Fitness and Health: How Nutrition and Fitness Plans Affect Overall Wellness

(A Holistic View on Nutrition and Fitness as they affect your all-round Wellbeing)

Fitness and health is a topical issue in this new world.  A huge attention is drawn on physical exercises and bodybuilding, but maybe much more on nutrition. Researchers have found several links between your nutrition, fitness and health.  Most publications in this realm have argued that your health is as good as what you eat, and perhaps what activities you take to shape your physical appearance. Thus, physical exercises and nutrition plans cannot be treated in different contexts under the subject of fitness and health. 

Before the digital or social media dispensation, people almost care less about how you are perceived in relation to what you eat and drink. Some section of the public may even term you as being too critical if they think you overdo the regular checks on what you eat, or if you are being notorious for taking exercises. However, with increased consciousness about what harm the food you eat and substances you take as drink may cause your biology, you will be forgiven to watch what you ingest as closely as you wish. Therefore, it will be clearer to an average person now if you are seen as someone who cares about what comes inside of you as food, and they may be less critical of your consciousness in that regard..  

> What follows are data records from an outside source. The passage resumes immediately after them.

lemma abel_limit_set_integrable: "set_integrable lborel {-pi..pi} abel_limit"
  unfolding set_integrable_def
proof (rule Bochner_Integration.integrable_bound)
  show "integrable lborel (\<lambda>x. indicator {-pi..pi} x *\<^sub>R majorant x)"
    using majorant_set_integrable unfolding set_integrable_def .
  show "AE x in lborel. norm (indicator {-pi..pi} x *\<^sub>R abel_limit x)
                          \<le> norm (indicator {-pi..pi} x *\<^sub>R majorant x)"
    using norm_abel_limit_le majorant_nonneg by (intro AE_I2) (simp add: indicator_def)
qed measurable

lemma fourier_coeff_abel_sum_tendsto:
  "(\<lambda>N. LINT x:{-pi..pi}|lborel. abel_sum f N x * fourier_exp (-j) x)
     \<longlonglongrightarrow> (LINT x:{-pi..pi}|lborel. abel_limit x * fourier_exp (-j) x)"
  unfolding set_lebesgue_integral_def
proof (rule integral_dominated_convergence[where w = "\<lambda>x. indicator {-pi..pi} x *\<^sub>R majorant x"])
  show "integrable lborel (\<lambda>x. indicator {-pi..pi} x *\<^sub>R majorant x)"
    using majorant_set_integrable unfolding set_integrable_def .
  have "abel_sum f N \<in> borel_measurable borel" for N
    by (intro borel_measurable_continuous_onI continuous_on_abel_sum)
  then show "(\<lambda>x. indicator {-pi..pi} x *\<^sub>R (abel_sum f N x * fourier_exp (-j) x)) \<in> borel_measurable lborel" for N
    by measurable
  show "AE x in lborel. (\<lambda>N. indicator {-pi..pi} x *\<^sub>R (abel_sum f N x * fourier_exp (-j) x))
          \<longlonglongrightarrow> indicator {-pi..pi} x *\<^sub>R (abel_limit x * fourier_exp (-j) x)"
    using AE_lborel_singleton[of 0]
    by eventually_elim (auto simp: indicator_def intro!: tendsto_mult_right abel_sum_tendsto)
  show "AE x in lborel. norm (indicator {-pi..pi} x *\<^sub>R (abel_sum f N x * fourier_exp (-j) x))
          \<le> indicator {-pi..pi} x *\<^sub>R majorant x" for N
    using AE_lborel_singleton[of 0]
    by eventually_elim (auto simp: indicator_def norm_mult intro!: norm_abel_sum_le)
qed measurable

lemma fourier_coeff_tendsto:
  "(\<lambda>N. a (if 0 \<le> j then 2 ^ N else - (2 ^ N))) \<longlonglongrightarrow> a j - fourier_coeff abel_limit j"
proof -
  have "\<bar>j\<bar> < 2 ^ N" if "nat \<bar>j\<bar> \<le> N" for N
  proof -
    have "\<bar>j\<bar> = int (nat \<bar>j\<bar>)" by simp
    also have "\<dots> < 2 ^ nat \<bar>j\<bar>" by (metis less_exp of_nat_less_iff of_nat_numeral of_nat_power)
    also have "\<dots> \<le> 2 ^ N" using that by (intro power_increasing) auto
    finally show ?thesis .
  qed
  then have "eventually (\<lambda>N. \<bar>j\<bar> < 2 ^ N) sequentially"
    by (auto simp: eventually_sequentially)
  then have "eventually (\<lambda>N. a j - (LINT x:{-pi..pi}|lborel. abel_sum f N x * fourier_exp (-j) x) / (2 * pi)
                            = a (if 0 \<le> j then 2 ^ N else - (2 ^ N))) sequentially"
    by eventually_elim (simp add: integral_abel_sum_mult_fourier_exp)
  moreover have "(\<lambda>N. a j - (LINT x:{-pi..pi}|lborel. abel_sum f N x * fourier_exp (-j) x) / (2 * pi))
                   \<longlonglongrightarrow> a j - fourier_coeff abel_limit j"
    unfolding fourier_coeff_eq by (intro tendsto_intros fourier_coeff_abel_sum_tendsto) simp
  ultimately show ?thesis by (rule Lim_transform_eventually[rotated])
qed

definition remainder :: "real \<Rightarrow> complex" where
  "remainder x = f x - abel_limit x"

definition remainder_coeff :: "bool \<Rightarrow> complex" where
  "remainder_coeff nonneg =
     (if nonneg then a 0 - fourier_coeff abel_limit 0 else a (-1) - fourier_coeff abel_limit (-1))"

lemma remainder_set_integrable: "set_integrable lborel {-pi..pi} remainder"
  unfolding remainder_def[abs_def] by (rule set_integral_diff(1)[OF f_integrable abel_limit_set_integrable])

lemma fourier_coeff_remainder: "fourier_coeff remainder j = remainder_coeff (0 \<le> j)"
proof -
  \<comment> \<open>The limit of \<open>a\<^bsub>\<plusminus>2\<^sup>N\<^esub>\<close> depends only on the sign of \<open>j\<close>.\<close>
  have "a j - fourier_coeff abel_limit j = remainder_coeff (0 \<le> j)"
  proof (cases "0 \<le> j")
    case True
    have "(\<lambda>N. a (2 ^ N)) \<longlonglongrightarrow> a j - fourier_coeff abel_limit j"
      and "(\<lambda>N. a (2 ^ N)) \<longlonglongrightarrow> a 0 - fourier_coeff abel_limit 0"
      using fourier_coeff_tendsto[of j] fourier_coeff_tendsto[of 0] True by simp_all
    then show ?thesis using True by (simp add: remainder_coeff_def LIMSEQ_unique)
  next
    case False
    have "(\<lambda>N. a (- (2 ^ N))) \<longlonglongrightarrow> a j - fourier_coeff abel_limit j"
      and "(\<lambda>N. a (- (2 ^ N))) \<longlonglongrightarrow> a (-1) - fourier_coeff abel_limit (-1)"
      using fourier_coeff_tendsto[of j] fourier_coeff_tendsto[of "-1"] False by simp_all
    then show ?thesis using False by (simp add: remainder_coeff_def LIMSEQ_unique)
  qed
  then show ?thesis
    unfolding remainder_def[abs_def] by (simp add: fourier_coeff_diff f_integrable abel_limit_set_integrable)
qed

In a very clear term, there is a direct link between what you eat and your overall wellbeing. More importantly, what comes inside of you alongside other factors determine what your physical and overall fitness entails. This article will discuss the place of nutrition and fitness as they both affect your health. However, we will begin from a general outlook of how nutrition largely affect your health.

Nutrition and your health

Nutrition and health is a lifelong subject of discussion among humans. One of the subjects of discussions you are exposed to as a young school grader is nutrition and how it affects your health. At least, you were taught the classes of food and the benefits of balancing your diets. It wouldn’t end at that level anyway. The older you grow, the more you understand why so much emphasis are being placed on this subject. Public and private authorities that concern themselves with advocacies relating to peoples’ wellbeing take the slightest of chances to jump on this discussion. For example, the US Center for Disease Control and Prevention considers good nutrition as an essential for keeping current and future generations healthy across their lifespan. This is because healthy diets help children to grow and develop properly, thus reducing the risk of chronic diseases. Similarly, adults that eat healthy diets live longer as they have lower risk of obesity, reduced possibility of having certain cancer types, heart diseases and other life-threatening ailments. The human biological build-up has ways it prevents these diseases, manage them and avoid complications if it was fed properly and well.

Quick Reality Check:

The difficulty of eating healthy might be a serious one to contain

It is an uneven economic landscape throughout the world. While some countries are enjoying the largesse of their natural resources and proper management techniques which trickles down to their positive welfare, others are suffering huge maladministration and lack which definitely affect their economic outlook, and healthy living. This simply means that while some people are able to access healthy food options, some are practically not able to do the same for one reason or the other. This may make people settle for foods that are higher in calories, and lower in nutritional values. Understandably so, there could be an imbalance of activities and lack of expected sync between their fitness and health. Nonetheless, everyone should find the all-important balance between these two. We will discuss how you can achieve this as we continue in this article. 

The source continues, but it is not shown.